Your task is to print all of the data word for word.

--- Material to process Enclosed Below ---

theorem proposition8p2:
  fixes D :: "'n::finite dcube set" and f :: "real^'n \<Rightarrow> real" and j :: nat and x :: "real^'n"
  assumes "is_dyadic_grid D"
    and "f \<in> borel_measurable lebesgue"
    and "integrable lebesgue (\<lambda>y. (f y)\<^sup>2)"
  shows "SD D f j x \<le> S3D D f j x \<and>
         S3D D f j x \<le> ennreal (3 powr (real CARD('n) / 2)) * SD D f j x"
proof -
  obtain \<omega> where D: "D = dyadic_grid_of \<omega>"
    using assms(1) unfolding is_dyadic_grid_def by blast
  have "S3D_sq D f j x \<le> ennreal (3 ^ CARD('n)) * SD_sq D f j x"
    unfolding D by (rule S3D_sq_le_SD_sq)
  then have "S3D D f j x \<le> enn_sqrt (ennreal (3 ^ CARD('n)) * SD_sq D f j x)"
    unfolding S3D_def by (rule enn_sqrt_mono)
  also have "\<dots> = ennreal (sqrt (3 ^ CARD('n))) * SD D f j x"
    unfolding SD_def by (simp add: enn_sqrt_cmult)
  also have "sqrt (3 ^ CARD('n)) = 3 powr (real CARD('n) / 2)"
    by (simp add: powr_half_sqrt[symmetric] powr_realpow[symmetric] powr_powr)
  finally show ?thesis
    using enn_sqrt_mono[OF SD_sq_le_S3D_sq] by (simp add: SD_def S3D_def)
qed

end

--- End of Enclosed Material to process ---

* **Written solution**:
theorem proposition8p2:
  fixes D :: "'n::finite dcube set" and f :: "real^'n \<Rightarrow> real" and j :: nat and x :: "real^'n"
  assumes "is_dyadic_grid D"
    and "f \<in> borel_measurable lebesgue"
    and "integrable lebesgue (\<lambda>y. (f y)\<^sup>2)"
  shows "SD D f j x \<le> S3D D f j x \<and>
         S3D D f j x \<le> ennreal (3 powr (real CARD('n) / 2)) * SD D f j x"
proof -
  obtain \<omega> where D: "D = dyadic_grid_of \<omega>"
    using assms(1) unfolding is_dyadic_grid_def by blast
  have "S3D_sq D f j x \<le> ennreal (3 ^ CARD('n)) * SD_sq D f j x"
    unfolding D by (rule S3D_sq_le_SD_sq)
  then have "S3D D f j x \<le> enn_sqrt (ennreal (3 ^ CARD('n)) * SD_sq D f j x)"
    unfolding S3D_def by (rule enn_sqrt_mono)
  also have "\<dots> = ennreal (sqrt (3 ^ CARD('n))) * SD D f j x"
    unfolding SD_def by (simp add: enn_sqrt_cmult)
  also have "sqrt (3 ^ CARD('n)) = 3 powr (real CARD('n) / 2)"
    by (simp add: powr_half_sqrt[symmetric] powr_realpow[symmetric] powr_powr)
  finally show ?thesis
    using enn_sqrt_mono[OF SD_sq_le_S3D_sq] by (simp add: SD_def S3D_def)
qed

end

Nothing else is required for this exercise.